Activity
Below are entries; output exactly the lines from the one with "lie_br_k_alg_p_alg[OF k[OF assms(4)]" to the one with "ultimately show ?thesis", both included, and nothing else.

Dataset entries
lemma drops_end_odd_ins_after:
  assumes "i < length ys" and "\<forall>y \<in> set ys. y < n"
  shows "drops_end_odd (ins_after ys i n) \<longleftrightarrow> drops_end_odd ys \<and> odd (rotate1 ys ! i)"
proof -
  let ?a = "ys ! i" and ?b = "rotate1 ys ! i"
  have pairs: "set (cyc_pairs (ins_after ys i n)) \<union> {(?a, ?b)} =
      set (cyc_pairs ys) \<union> {(?a, n), (n, ?b)}"
    using arg_cong[OF mset_cyc_pairs_ins_after[OF assms(1)], of set_mset] by simp
  have "?a < n" "?b < n"
    using assms nth_mem[of i ys] nth_mem[of i "rotate1 ys"] by simp_all
  show ?thesis
  proof
    assume new: "drops_end_odd (ins_after ys i n)"
    have "(n, ?b) \<in> set (cyc_pairs (ins_after ys i n)) \<union> {(?a, ?b)}"
      unfolding pairs by simp
    then have "(n, ?b) \<in> set (cyc_pairs (ins_after ys i n))"
      using \<open>?a < n\<close> by auto
    then have "odd ?b"
      using new \<open>?b < n\<close> by (auto simp: drops_end_odd_def)
    moreover have "drops_end_odd ys"
      unfolding drops_end_odd_def
    proof
      fix p assume "p \<in> set (cyc_pairs ys)"
      then have "p \<in> set (cyc_pairs (ins_after ys i n)) \<or> p = (?a, ?b)"
        using pairs by blast
      then show "case p of (a, b) \<Rightarrow> b < a \<longrightarrow> odd b"
        using new \<open>odd ?b\<close> by (auto simp: drops_end_odd_def)
    qed
    ultimately show "drops_end_odd ys \<and> odd ?b"
      by simp
  next
    assume old: "drops_end_odd ys \<and> odd ?b"
    show "drops_end_odd (ins_after ys i n)"
      unfolding drops_end_odd_def
    proof
      fix p assume "p \<in> set (cyc_pairs (ins_after ys i n))"
      then have "p \<in> set (cyc_pairs ys) \<or> p = (?a, n) \<or> p = (n, ?b)"
        using pairs by blast
      then show "case p of (a, b) \<Rightarrow> b < a \<longrightarrow> odd b"
        using old \<open>?a < n\<close> by (auto simp: drops_end_odd_def)
    qed
  qed
qed
lemma graded_sum_vanishing:
  fixes A B C :: "'a::real_vector"
  assumes "subspace P" "\<And>X. X \<in> K \<Longrightarrow> X \<in> P \<Longrightarrow> X = 0"
    and "A \<in> K" "B \<in> P" "C \<in> P \<Longrightarrow> C = 0" "s \<noteq> 0"
  shows "((s * s) *\<^sub>R A + s *\<^sub>R B + C = 0 \<and> A = 0) \<longleftrightarrow> (A + B + C = 0 \<and> C = 0)"
proof
  assume h: "(s * s) *\<^sub>R A + s *\<^sub>R B + C = 0 \<and> A = 0"
  then have "A = 0" by simp
  moreover from h this have "C = - (s *\<^sub>R B)" by (simp add: eq_neg_iff_add_eq_0 add.commute)
  moreover have "- (s *\<^sub>R B) \<in> P" using assms(1,4) by (simp add: subspace_neg subspace_scale)
  ultimately show "A + B + C = 0 \<and> C = 0" using assms(5,6) by auto
next
  assume h: "A + B + C = 0 \<and> C = 0"
  then have "C = 0" by simp
  moreover from h this have "A = - B" by (simp add: eq_neg_iff_add_eq_0)
  moreover have "- B \<in> P" using assms(1,4) by (simp add: subspace_neg)
  ultimately have "A = 0" using assms(2,3) by metis
  with \<open>A = - B\<close> \<open>C = 0\<close> show "(s * s) *\<^sub>R A + s *\<^sub>R B + C = 0 \<and> A = 0" by simp
qed

theorem mainTheorem8:
  fixes i :: "real^7" and t :: real and X Y :: "real^7^7"
  assumes "norm i = 1" and "t > 0" and "X \<in> g2" and "Y \<in> g2"
  shows "(lie_br (phi t i X) (phi t i Y) = 0 \<and> lie_br (proj_k i X) (proj_k i Y) = 0) \<longleftrightarrow>
         (lie_br X Y = 0 \<and> lie_br (proj_p i X) (proj_p i Y) = 0)"
proof -
  have i: "inner i i = 1" using assms(1) by (simp add: norm_eq_1)
  note k = proj_k_in_k_alg[OF i] and p = proj_p_in_p_alg[OF i]
  define s where "s = t / (t + 1)"
  have "lie_br (phi t i X) (phi t i Y) = (s * s) *\<^sub>R lie_br (proj_k i X) (proj_k i Y)
      + s *\<^sub>R (lie_br (proj_k i X) (proj_p i Y) + lie_br (proj_p i X) (proj_k i Y))
      + lie_br (proj_p i X) (proj_p i Y)"
    unfolding phi_def s_def by (rule lie_br_expand)
  moreover have "lie_br X Y = lie_br (proj_k i X) (proj_k i Y)
      + (lie_br (proj_k i X) (proj_p i Y) + lie_br (proj_p i X) (proj_k i Y))
      + lie_br (proj_p i X) (proj_p i Y)"
    using lie_br_expand[of 1 "proj_k i X" "proj_p i X" "proj_k i Y" "proj_p i Y"]
    by (simp add: proj_p_def)
  moreover have "lie_br (proj_k i X) (proj_p i Y) + lie_br (proj_p i X) (proj_k i Y) \<in> p_alg i"
    using lie_br_k_alg_p_alg[OF k[OF assms(3)] p[OF assms(4)]]
      lie_br_k_alg_p_alg[OF k[OF assms(4)] p[OF assms(3)]] subspace_p_alg
    by (metis lie_br_def minus_diff_eq subspace_add subspace_neg)
  moreover have "s \<noteq> 0" using assms(2) by (simp add: s_def)
  ultimately show ?thesis
    using graded_sum_vanishing[OF subspace_p_alg k_alg_p_alg_eq_0
        k_alg_lie_br[OF k[OF assms(3)] k[OF assms(4)]]]
      p_alg_lie_br_in_p_alg_eq_0[OF i p[OF assms(3)] p[OF assms(4)]]
    by simp
qed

Result of the task
      lie_br_k_alg_p_alg[OF k[OF assms(4)] p[OF assms(3)]] subspace_p_alg
    by (metis lie_br_def minus_diff_eq subspace_add subspace_neg)
  moreover have "s \<noteq> 0" using assms(2) by (simp add: s_def)
  ultimately show ?thesis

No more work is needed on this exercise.